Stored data
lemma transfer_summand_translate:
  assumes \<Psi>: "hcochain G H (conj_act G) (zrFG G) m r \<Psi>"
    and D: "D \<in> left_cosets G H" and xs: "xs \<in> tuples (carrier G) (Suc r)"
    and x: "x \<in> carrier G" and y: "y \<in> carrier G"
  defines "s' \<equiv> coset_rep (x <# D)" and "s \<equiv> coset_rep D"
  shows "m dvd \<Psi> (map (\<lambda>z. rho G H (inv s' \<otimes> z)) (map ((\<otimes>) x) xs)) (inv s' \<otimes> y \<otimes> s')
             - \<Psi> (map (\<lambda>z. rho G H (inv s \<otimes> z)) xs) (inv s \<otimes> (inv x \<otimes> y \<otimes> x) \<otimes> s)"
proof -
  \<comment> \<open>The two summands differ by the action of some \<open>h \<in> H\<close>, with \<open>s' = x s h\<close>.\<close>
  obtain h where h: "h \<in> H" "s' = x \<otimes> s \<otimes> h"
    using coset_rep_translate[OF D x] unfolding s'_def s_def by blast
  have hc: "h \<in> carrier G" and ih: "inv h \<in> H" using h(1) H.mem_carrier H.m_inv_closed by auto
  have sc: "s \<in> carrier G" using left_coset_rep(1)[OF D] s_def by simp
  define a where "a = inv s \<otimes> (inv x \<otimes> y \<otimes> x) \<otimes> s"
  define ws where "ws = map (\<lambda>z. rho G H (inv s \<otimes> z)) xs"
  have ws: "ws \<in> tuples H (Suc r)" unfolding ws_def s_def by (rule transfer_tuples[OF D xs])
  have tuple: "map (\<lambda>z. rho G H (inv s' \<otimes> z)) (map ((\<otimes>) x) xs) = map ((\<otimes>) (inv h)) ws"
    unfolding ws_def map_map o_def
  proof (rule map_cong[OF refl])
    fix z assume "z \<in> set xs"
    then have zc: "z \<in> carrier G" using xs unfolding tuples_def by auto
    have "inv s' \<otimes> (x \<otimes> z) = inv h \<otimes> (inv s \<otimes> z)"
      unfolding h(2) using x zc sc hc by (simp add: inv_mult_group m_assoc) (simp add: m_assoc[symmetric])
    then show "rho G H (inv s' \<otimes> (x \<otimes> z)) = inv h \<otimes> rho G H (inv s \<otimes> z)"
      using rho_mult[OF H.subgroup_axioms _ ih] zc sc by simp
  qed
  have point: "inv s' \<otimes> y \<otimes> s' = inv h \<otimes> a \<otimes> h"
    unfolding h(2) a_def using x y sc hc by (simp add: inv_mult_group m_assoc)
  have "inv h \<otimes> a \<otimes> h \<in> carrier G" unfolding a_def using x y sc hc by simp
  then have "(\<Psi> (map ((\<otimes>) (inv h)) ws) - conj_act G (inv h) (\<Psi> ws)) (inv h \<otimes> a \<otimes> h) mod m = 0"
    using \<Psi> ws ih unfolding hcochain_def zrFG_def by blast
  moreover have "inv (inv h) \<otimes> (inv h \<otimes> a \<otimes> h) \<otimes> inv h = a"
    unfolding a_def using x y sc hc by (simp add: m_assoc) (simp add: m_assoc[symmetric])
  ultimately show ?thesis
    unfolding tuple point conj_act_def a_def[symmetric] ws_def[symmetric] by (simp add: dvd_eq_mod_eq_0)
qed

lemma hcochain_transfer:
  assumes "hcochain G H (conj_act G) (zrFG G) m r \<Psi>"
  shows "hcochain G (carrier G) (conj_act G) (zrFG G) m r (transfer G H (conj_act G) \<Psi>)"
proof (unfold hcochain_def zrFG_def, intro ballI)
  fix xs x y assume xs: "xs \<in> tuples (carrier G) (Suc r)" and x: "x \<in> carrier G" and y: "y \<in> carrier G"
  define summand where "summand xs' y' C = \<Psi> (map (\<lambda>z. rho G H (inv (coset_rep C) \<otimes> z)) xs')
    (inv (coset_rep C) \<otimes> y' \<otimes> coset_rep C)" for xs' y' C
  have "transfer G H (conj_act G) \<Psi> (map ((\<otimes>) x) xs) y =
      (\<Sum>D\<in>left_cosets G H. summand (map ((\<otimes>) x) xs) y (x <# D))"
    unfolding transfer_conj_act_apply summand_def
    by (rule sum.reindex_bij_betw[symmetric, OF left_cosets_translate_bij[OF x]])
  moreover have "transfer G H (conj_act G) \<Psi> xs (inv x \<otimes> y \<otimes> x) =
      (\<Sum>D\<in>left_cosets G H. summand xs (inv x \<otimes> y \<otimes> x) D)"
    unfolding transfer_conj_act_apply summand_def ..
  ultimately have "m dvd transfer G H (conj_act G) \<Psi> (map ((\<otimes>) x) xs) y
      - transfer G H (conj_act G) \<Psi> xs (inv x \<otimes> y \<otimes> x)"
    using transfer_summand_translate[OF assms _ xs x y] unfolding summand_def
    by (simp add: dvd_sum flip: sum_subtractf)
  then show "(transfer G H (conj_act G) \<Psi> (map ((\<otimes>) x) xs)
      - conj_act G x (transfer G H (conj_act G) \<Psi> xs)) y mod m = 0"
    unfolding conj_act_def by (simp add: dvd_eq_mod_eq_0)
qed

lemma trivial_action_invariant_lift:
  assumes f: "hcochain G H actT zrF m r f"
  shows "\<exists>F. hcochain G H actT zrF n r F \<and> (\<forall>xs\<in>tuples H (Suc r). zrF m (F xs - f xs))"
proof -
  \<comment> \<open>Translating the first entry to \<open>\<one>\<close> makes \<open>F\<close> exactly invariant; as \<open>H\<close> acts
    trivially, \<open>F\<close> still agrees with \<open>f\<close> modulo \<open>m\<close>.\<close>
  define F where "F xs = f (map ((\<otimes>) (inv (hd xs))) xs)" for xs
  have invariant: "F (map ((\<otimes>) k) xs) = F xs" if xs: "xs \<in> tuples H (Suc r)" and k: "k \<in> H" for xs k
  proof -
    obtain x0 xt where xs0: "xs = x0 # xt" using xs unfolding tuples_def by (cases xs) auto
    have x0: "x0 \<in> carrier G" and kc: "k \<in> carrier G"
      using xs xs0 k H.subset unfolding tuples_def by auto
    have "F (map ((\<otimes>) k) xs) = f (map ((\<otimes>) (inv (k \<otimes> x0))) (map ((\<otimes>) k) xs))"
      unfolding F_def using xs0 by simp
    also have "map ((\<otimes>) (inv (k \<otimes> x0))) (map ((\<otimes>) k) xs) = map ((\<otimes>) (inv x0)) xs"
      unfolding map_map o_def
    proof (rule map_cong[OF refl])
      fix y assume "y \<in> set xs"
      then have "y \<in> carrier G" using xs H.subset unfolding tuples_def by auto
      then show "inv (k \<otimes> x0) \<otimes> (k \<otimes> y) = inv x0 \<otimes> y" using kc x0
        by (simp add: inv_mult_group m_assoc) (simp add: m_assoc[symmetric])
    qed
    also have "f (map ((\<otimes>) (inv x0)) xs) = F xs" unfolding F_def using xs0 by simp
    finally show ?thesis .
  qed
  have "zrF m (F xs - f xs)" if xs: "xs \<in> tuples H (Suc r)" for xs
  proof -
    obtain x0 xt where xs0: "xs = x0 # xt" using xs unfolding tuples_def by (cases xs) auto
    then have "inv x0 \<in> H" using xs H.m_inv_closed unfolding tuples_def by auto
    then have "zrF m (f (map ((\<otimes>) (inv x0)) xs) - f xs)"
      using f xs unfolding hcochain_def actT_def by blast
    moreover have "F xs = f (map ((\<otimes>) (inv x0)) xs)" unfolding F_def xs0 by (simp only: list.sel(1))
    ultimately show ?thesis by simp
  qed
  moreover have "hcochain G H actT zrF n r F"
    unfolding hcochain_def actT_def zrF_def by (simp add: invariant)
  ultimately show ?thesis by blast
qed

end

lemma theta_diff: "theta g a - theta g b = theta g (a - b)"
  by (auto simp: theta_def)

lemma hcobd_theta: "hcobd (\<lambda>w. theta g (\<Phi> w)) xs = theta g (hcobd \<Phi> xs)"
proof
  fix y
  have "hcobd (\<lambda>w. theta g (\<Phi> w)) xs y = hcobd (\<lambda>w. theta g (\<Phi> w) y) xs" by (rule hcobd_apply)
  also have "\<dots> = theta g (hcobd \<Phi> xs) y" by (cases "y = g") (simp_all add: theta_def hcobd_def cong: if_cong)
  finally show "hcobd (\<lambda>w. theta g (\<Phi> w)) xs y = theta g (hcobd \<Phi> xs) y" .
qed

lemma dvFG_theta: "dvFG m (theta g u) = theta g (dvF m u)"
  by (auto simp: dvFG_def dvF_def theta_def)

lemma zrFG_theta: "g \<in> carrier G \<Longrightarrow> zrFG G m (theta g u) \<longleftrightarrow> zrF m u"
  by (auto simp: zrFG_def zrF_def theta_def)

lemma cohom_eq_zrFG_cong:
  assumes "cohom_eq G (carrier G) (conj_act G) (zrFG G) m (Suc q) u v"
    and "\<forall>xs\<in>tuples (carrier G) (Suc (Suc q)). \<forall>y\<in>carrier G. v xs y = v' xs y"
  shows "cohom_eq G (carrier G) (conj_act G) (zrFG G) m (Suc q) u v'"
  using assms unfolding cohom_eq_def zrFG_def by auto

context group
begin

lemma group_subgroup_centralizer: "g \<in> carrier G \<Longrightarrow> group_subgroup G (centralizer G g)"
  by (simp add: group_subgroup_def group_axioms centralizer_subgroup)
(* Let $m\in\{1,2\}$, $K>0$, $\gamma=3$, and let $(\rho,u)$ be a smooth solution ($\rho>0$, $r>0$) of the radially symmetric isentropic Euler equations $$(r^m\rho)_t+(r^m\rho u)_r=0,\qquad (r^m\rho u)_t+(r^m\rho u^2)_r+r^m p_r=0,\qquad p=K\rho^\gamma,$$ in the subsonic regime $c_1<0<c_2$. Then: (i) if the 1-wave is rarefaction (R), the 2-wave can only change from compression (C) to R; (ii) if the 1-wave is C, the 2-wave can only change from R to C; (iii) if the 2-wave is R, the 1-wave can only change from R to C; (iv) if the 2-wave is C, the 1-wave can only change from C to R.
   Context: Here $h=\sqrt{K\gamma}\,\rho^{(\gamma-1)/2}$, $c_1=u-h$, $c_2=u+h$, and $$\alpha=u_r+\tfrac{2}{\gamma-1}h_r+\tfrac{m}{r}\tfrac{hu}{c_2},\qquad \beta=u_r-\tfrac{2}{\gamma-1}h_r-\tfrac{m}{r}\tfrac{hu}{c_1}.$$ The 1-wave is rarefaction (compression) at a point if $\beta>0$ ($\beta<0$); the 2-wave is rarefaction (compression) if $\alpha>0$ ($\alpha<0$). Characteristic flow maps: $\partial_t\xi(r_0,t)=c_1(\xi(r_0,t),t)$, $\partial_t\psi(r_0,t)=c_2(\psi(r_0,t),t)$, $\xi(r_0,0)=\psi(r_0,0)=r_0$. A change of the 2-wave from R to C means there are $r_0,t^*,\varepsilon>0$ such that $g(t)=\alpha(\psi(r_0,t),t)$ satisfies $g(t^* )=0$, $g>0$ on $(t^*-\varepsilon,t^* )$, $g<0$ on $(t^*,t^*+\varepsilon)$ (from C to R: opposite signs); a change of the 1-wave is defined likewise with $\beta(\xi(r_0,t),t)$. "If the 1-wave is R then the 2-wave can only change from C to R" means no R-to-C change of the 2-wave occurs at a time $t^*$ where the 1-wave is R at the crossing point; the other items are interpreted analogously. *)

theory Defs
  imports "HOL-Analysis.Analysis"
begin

_Your instructions_.
Scan the entries above for the line containing "G) (Suc (Suc", and copy it and all lines after it exactly, down to and including the line containing "from C to R.".

_Solved problem_.
    and "\<forall>xs\<in>tuples (carrier G) (Suc (Suc q)). \<forall>y\<in>carrier G. v xs y = v' xs y"
  shows "cohom_eq G (carrier G) (conj_act G) (zrFG G) m (Suc q) u v'"
  using assms unfolding cohom_eq_def zrFG_def by auto

context group
begin

lemma group_subgroup_centralizer: "g \<in> carrier G \<Longrightarrow> group_subgroup G (centralizer G g)"
  by (simp add: group_subgroup_def group_axioms centralizer_subgroup)
(* Let $m\in\{1,2\}$, $K>0$, $\gamma=3$, and let $(\rho,u)$ be a smooth solution ($\rho>0$, $r>0$) of the radially symmetric isentropic Euler equations $$(r^m\rho)_t+(r^m\rho u)_r=0,\qquad (r^m\rho u)_t+(r^m\rho u^2)_r+r^m p_r=0,\qquad p=K\rho^\gamma,$$ in the subsonic regime $c_1<0<c_2$. Then: (i) if the 1-wave is rarefaction (R), the 2-wave can only change from compression (C) to R; (ii) if the 1-wave is C, the 2-wave can only change from R to C; (iii) if the 2-wave is R, the 1-wave can only change from R to C; (iv) if the 2-wave is C, the 1-wave can only change from C to R.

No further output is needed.